One limitation of the current study may be that our measure of striatal DAT availability does not distinguish between caudate and putamen or between brain hemispheres. We chose this approach because it ensures that DVR estimation was fully automated and would not be affected by differences in striatal volume between participants or by errors in registration, which can be substantial in patient groups (e.g. Reig et al., 2007). Our striatal estimate of DAT availability accurately distinguished between patients and normal controls, and measures of DAT availability correlated with measures of symptom severity as expected.

A further limitation of this study is the small sample size, which was due to a priori screening of patients for head motion during fMRI scanning. Motion is a common problem in fMRI studies of patients with movement disorders (Hacker et al., 2012), and we opted for analytic rigor over larger numbers of subjects.
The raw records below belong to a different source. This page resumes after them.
lemma rho_power_invariants:
  assumes "finite (carrier G)"
  shows "rho (Pow (carrier G)) (set_mult G) \<subseteq>
    {(X, Y). X \<in> power_grp_union \<and> Y \<in> power_grp_union \<and>
      right_stabilizer G X = right_stabilizer G Y \<and> (X = {} \<longleftrightarrow> Y = {})}"
    (is "_ \<subseteq> ?R")
proof -
  have "(X, Y) \<in> ?R"
    if "X \<in> power_grp_union" "Y \<in> power_grp_union"
      and "greenL (Pow (carrier G)) (set_mult G) X Y \<or> greenR (Pow (carrier G)) (set_mult G) X Y"
    for X Y
    using that(3)
  proof
    assume "greenL (Pow (carrier G)) (set_mult G) X Y"
    then show ?thesis using greenL_power_invariants that(1,2) by simp
  next
    assume "greenR (Pow (carrier G)) (set_mult G) X Y"
    then show ?thesis
      using greenR_power_invariants grp_union_left_stabilizer_eq[OF assms that(1)]
        grp_union_left_stabilizer_eq[OF assms that(2)] that(1,2) by simp
  qed
  then have "rho (Pow (carrier G)) (set_mult G) \<subseteq> ?R\<^sup>+"
    unfolding rho_def by (intro trancl_mono_subset) (auto simp: Id_on_def)
  moreover have "trans ?R" unfolding trans_def by simp
  ultimately show ?thesis by simp
qed

lemma normalizer_l_cosets_greenR:
  assumes "E \<subseteq> carrier G" "E <#> E = E" "g \<in> normalizer G E" "h \<in> normalizer G E"
  shows "greenR (Pow (carrier G)) (set_mult G) (g <# E) (h <# E)"
proof (rule greenR_if_mutual_factors[OF semigrp_power])
  have N: "subgroup (normalizer G E) G" using normalizer_imp_subgroup[OF assms(1)] .
  have g: "g \<in> carrier G" and h: "h \<in> carrier G"
    using assms(3,4) mem_normalizer_iff[OF assms(1)] by auto
  have "inv h \<otimes> g \<in> normalizer G E" "inv g \<otimes> h \<in> normalizer G E"
    using assms(3,4) N by (simp_all add: subgroup.m_closed subgroup.m_inv_closed)
  then show "g <# E = (h <# E) <#> ((inv h \<otimes> g) <# E)"
    and "h <# E = (g <# E) <#> ((inv g \<otimes> h) <# E)"
    using normalizer_l_coset_mult[OF assms(1,2)] assms(3,4) g h by (simp_all add: m_assoc[symmetric])
  show "g <# E \<in> Pow (carrier G)" "h <# E \<in> Pow (carrier G)"
    "(inv h \<otimes> g) <# E \<in> Pow (carrier G)" "(inv g \<otimes> h) <# E \<in> Pow (carrier G)"
    using assms(1) g h by (simp_all add: l_coset_subset_G)
qed
lemma double_string_inflate:
  assumes "double_string m xs" "0 < k"
  shows "double_string (m * k) (inflate m k xs)"
proof (rule double_stringI)
  show "set (inflate m k xs) \<subseteq> {..<m * k}"
  proof
    fix a assume "a \<in> set (inflate m k xs)"
    then obtain i where i: "i < length xs * k" and a: "a = xs ! (i div k) + m * (i mod k)"
      by (auto simp: inflate_def)
    have "xs ! (i div k) < m"
      using double_string_symbol_less[OF assms(1)] i less_mult_imp_div_less by blast
    moreover have "i mod k + 1 \<le> k" using assms(2) by (simp add: Suc_leI)
    then have "m * (i mod k) + m \<le> m * k" by (metis add_mult_distrib2 mult_le_mono2 nat_mult_1_right)
    ultimately show "a \<in> {..<m * k}" using a by simp
  qed
next
  fix a assume a: "a < m * k"
  have "inj_on (\<lambda>p. p * k + a div m) {p. p < length xs \<and> xs ! p = a mod m}"
    using assms(2) by (auto simp: inj_on_def)
  then have "card {i. i < length (inflate m k xs) \<and> inflate m k xs ! i = a} =
      card {p. p < length xs \<and> xs ! p = a mod m}"
    by (simp add: inflate_occurrences[OF assms a] card_image)
  also have "\<dots> = count_list xs (a mod m)" by (rule card_nth_eq_count_list)
  also have "\<dots> = 2"
    using a by (intro double_string_count[OF assms(1)]) (cases "m = 0"; simp)
  finally show "count_list (inflate m k xs) a = 2" by (simp add: card_nth_eq_count_list)
qed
We hope that with public databases becoming increasingly available, it will in the future be possible to replicate our results in a larger independent sample.

In conclusion, this study shows that functional connectivity between the midbrain and the striatum is linked to the integrity of the dopamine system in patients with Lewy body diseases. These findings suggest that midbrain–striatum functional connectivity may provide a useful indicator of underlying pathology in diseases characterized by nigrostriatal dopamine loss.